# TASK DESCRIPTION
Stopping right after the line with "soliton_exponent + 1)", please reproduce the material below exactly from its first line.

# DATA UNDER STUDY

lemma energy_soliton_tail:
  assumes len: "\<forall>e\<in>bedges G. 0 < len G e" and t: "0 < t"
  shows "energy p G (plateau t) (soliton_tail t \<sigma>) (\<lambda>e x. 0) (soliton_tail_deriv t \<sigma>)
       = t powr (2 * soliton_exponent + 1)
           * ((\<Sum>h\<in>hedges G. integral {\<sigma> h * soliton_unit_point..} (\<lambda>x. (soliton_deriv x)\<^sup>2)) / 2
              - (\<Sum>h\<in>hedges G. integral {\<sigma> h * soliton_unit_point..} (\<lambda>x. soliton x powr p)) / p)
         - (\<Sum>e\<in>bedges G. len G e) * t powr (2 * soliton_exponent + 2) / p"
proof -
  let ?b = soliton_exponent
  have "?b * p = 2 * ?b + 2"
    using soliton_exponent_mult by (simp add: algebra_simps)
  then have amplitude_powr: "(t powr ?b) powr p = t powr (2 * ?b + 2)"
    by (simp add: powr_powr)
  have deriv_square: "(t powr (?b + 1))\<^sup>2 = t powr (2 * ?b + 2)"
    using t by (simp add: powr_power algebra_simps)
  have shrink: "t powr (2 * ?b + 2) * y / t = t powr (2 * ?b + 1) * y" for y
    using t by (simp add: powr_add power2_eq_square)
  have plateau: "integral {0..len G e} (\<lambda>x. \<bar>plateau t e x\<bar> powr p) = len G e * t powr (2 * ?b + 2)"
    if "e \<in> bedges G" for e
    using len that amplitude_powr by (simp add: plateau_def less_imp_le)
  have tail: "integral {0..} (\<lambda>x. \<bar>soliton_tail t \<sigma> h x\<bar> powr p)
      = t powr (2 * ?b + 1) * integral {\<sigma> h * soliton_unit_point..} (\<lambda>x. soliton x powr p)" for h
  proof -
    have "(\<lambda>x. \<bar>soliton_tail t \<sigma> h x\<bar> powr p)
        = (\<lambda>x. t powr (2 * ?b + 2) * soliton (t * x + \<sigma> h * soliton_unit_point) powr p)"
      using soliton_pos by (simp add: soliton_tail_def powr_mult amplitude_powr less_imp_le)
    then show ?thesis
      using integral_halfline_affine(2)[OF soliton_powr_integrable t] shrink by simp
  qed
  have tail_deriv: "integral {0..} (\<lambda>x. (soliton_tail_deriv t \<sigma> h x)\<^sup>2)
      = t powr (2 * ?b + 1) * integral {\<sigma> h * soliton_unit_point..} (\<lambda>x. (soliton_deriv x)\<^sup>2)" for h
  proof -
    have "(\<lambda>x. (soliton_tail_deriv t \<sigma> h x)\<^sup>2)
        = (\<lambda>x. t powr (2 * ?b + 2) * (soliton_deriv (t * x + \<sigma> h * soliton_unit_point))\<^sup>2)"
      by (simp add: soliton_tail_deriv_def power_mult_distrib deriv_square)
    then show ?thesis
      using integral_halfline_affine(2)[OF soliton_deriv_square_integrable t] shrink by simp
  qed
  show ?thesis
    unfolding energy_def
    by (simp add: plateau tail tail_deriv sum_distrib_left[symmetric] sum_distrib_right[symmetric]
        sum_divide_distrib[symmetric] algebra_simps)
qed

lemma continuous_on_mass_soliton_tail:
  assumes "\<forall>e\<in>bedges G. 0 < len G e"
  shows "continuous_on {0<..} (\<lambda>t. mass G (plateau t) (soliton_tail t \<sigma>))"
proof -
  have "continuous_on {0<..} (\<lambda>t. (\<Sum>e\<in>bedges G. len G e) * t powr (2 * soliton_exponent)
         + t powr (2 * soliton_exponent - 1)
           * (\<Sum>h\<in>hedges G. integral {\<sigma> h * soliton_unit_point..} (\<lambda>x. (soliton x)\<^sup>2)))"
    by (intro continuous_intros) auto
  then show ?thesis
    by (rule continuous_on_cong[THEN iffD1, rotated 2]) (simp_all add: mass_soliton_tail assms)
qed

lemma filterlim_mass_soliton_tail:
  assumes G: "finite_graph_in_G G" and "bedges G \<noteq> {}"
  shows "filterlim (\<lambda>t. mass G (plateau t) (soliton_tail t \<sigma>)) at_top at_top"
proof -
  let ?b = soliton_exponent and ?L = "\<Sum>e\<in>bedges G. len G e"
  let ?I = "\<Sum>h\<in>hedges G. integral {\<sigma> h * soliton_unit_point..} (\<lambda>x. (soliton x)\<^sup>2)"
  have len: "\<forall>e\<in>bedges G. 0 < len G e" and "finite (bedges G)"
    using G by (auto simp: finite_graph_in_G_def)
  then have "0 < ?L"
    using \<open>bedges G \<noteq> {}\<close> by (intro sum_pos) auto
  have "0 \<le> ?I"
    by (intro sum_nonneg integral_nonneg set_lebesgue_integral_eq_integral(1) soliton_square_integrable) auto
  have "filterlim (\<lambda>t. ?L * t powr (2 * ?b)) at_top at_top"
    using \<open>0 < ?L\<close> soliton_exponent_pos
    by (intro filterlim_tendsto_pos_mult_at_top[OF tendsto_const] real_powr_at_top) auto
  moreover have "\<forall>\<^sub>F t in at_top. ?L * t powr (2 * ?b) \<le> mass G (plateau t) (soliton_tail t \<sigma>)"
    using eventually_gt_at_top[of 0]
  proof eventually_elim
    case (elim t)
    then show ?case
      using \<open>0 \<le> ?I\<close> by (simp add: mass_soliton_tail[OF len])
  qed
  ultimately show ?thesis
    by (rule filterlim_at_top_mono)
qed

lemma eventually_energy_soliton_tail_neg:
  assumes G: "finite_graph_in_G G" and "bedges G \<noteq> {}"
  shows "\<forall>\<^sub>F t in at_top.
           energy p G (plateau t) (soliton_tail t \<sigma>) (\<lambda>e x. 0) (soliton_tail_deriv t \<sigma>) < 0"
proof -
  let ?b = soliton_exponent and ?L = "\<Sum>e\<in>bedges G. len G e"
  let ?K = "(\<Sum>h\<in>hedges G. integral {\<sigma> h * soliton_unit_point..} (\<lambda>x. (soliton_deriv x)\<^sup>2)) / 2
            - (\<Sum>h\<in>hedges G. integral {\<sigma> h * soliton_unit_point..} (\<lambda>x. soliton x powr p)) / p"
  have len: "\<forall>e\<in>bedges G. 0 < len G e" and "finite (bedges G)"
    using G by (auto simp: finite_graph_in_G_def)
  then have L: "0 < ?L"
    using \<open>bedges G \<noteq> {}\<close> by (intro sum_pos) auto
  show ?thesis
    using eventually_gt_at_top[of "max 0 (p * ?K / ?L)"]
  proof eventually_elim
    case (elim t)
    then have t: "0 < t" and "p * ?K / ?L < t"
      by auto
    then have "?K - ?L * t / p < 0"
      using L p_gt_2 by (simp add: field_simps)
    moreover have "t powr (2 * ?b + 2) = t powr (2 * ?b + 1) * t"
      using t by (simp add: powr_add power2_eq_square)
    then have "energy p G (plateau t) (soliton_tail t \<sigma>) (\<lambda>e x. 0) (soliton_tail_deriv t \<sigma>)
        = t powr (2 * ?b + 1) * (?K - ?L * t / p)"
      unfolding energy_soliton_tail[OF len t] using p_gt_2 by (simp add: field_simps)
    ultimately show ?case
      using t by (simp add: mult_pos_neg)
  qed
qed

lemma soliton_tail_attains_large_masses:
  assumes G: "finite_graph_in_G G" and "bedges G \<noteq> {}"
  obtains \<mu>\<^sub>0 where "0 < \<mu>\<^sub>0"
    and "\<And>\<mu>. \<mu>\<^sub>0 \<le> \<mu> \<Longrightarrow> \<exists>t>0. mass G (plateau t) (soliton_tail t \<sigma>) = \<mu> \<and>
           energy p G (plateau t) (soliton_tail t \<sigma>) (\<lambda>e x. 0) (soliton_tail_deriv t \<sigma>) < 0"
proof -
  define m where "m t = mass G (plateau t) (soliton_tail t \<sigma>)" for t
  obtain T where energy_neg: "\<And>t. T \<le> t \<Longrightarrow>
      energy p G (plateau t) (soliton_tail t \<sigma>) (\<lambda>e x. 0) (soliton_tail_deriv t \<sigma>) < 0"
    using eventually_energy_soliton_tail_neg[OF assms] by (auto simp: eventually_at_top_linorder)
  define t\<^sub>0 where "t\<^sub>0 = max 1 T"
  have len: "\<forall>e\<in>bedges G. 0 < len G e"
    using G by (simp add: finite_graph_in_G_def)
  have "continuous_on {t\<^sub>0..} m"
    using continuous_on_mass_soliton_tail[OF len] unfolding m_def t\<^sub>0_def
    by (rule continuous_on_subset) auto
  moreover have "filterlim m at_top at_top"
    unfolding m_def by (rule filterlim_mass_soliton_tail[OF assms])
  ultimately have "\<exists>t\<ge>t\<^sub>0. m t = \<mu>" if "m t\<^sub>0 \<le> \<mu>" for \<mu>
    using that by (rule continuous_on_filterlim_at_top_attains)
  moreover have "0 < t" and "T \<le> t" if "t\<^sub>0 \<le> t" for t
    using that by (auto simp: t\<^sub>0_def)
  ultimately show ?thesis
    using that[of "max 1 (m t\<^sub>0)"] energy_neg unfolding m_def by fastforce
qed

# TASK OUTPUT
lemma energy_soliton_tail:
  assumes len: "\<forall>e\<in>bedges G. 0 < len G e" and t: "0 < t"
  shows "energy p G (plateau t) (soliton_tail t \<sigma>) (\<lambda>e x. 0) (soliton_tail_deriv t \<sigma>)
       = t powr (2 * soliton_exponent + 1)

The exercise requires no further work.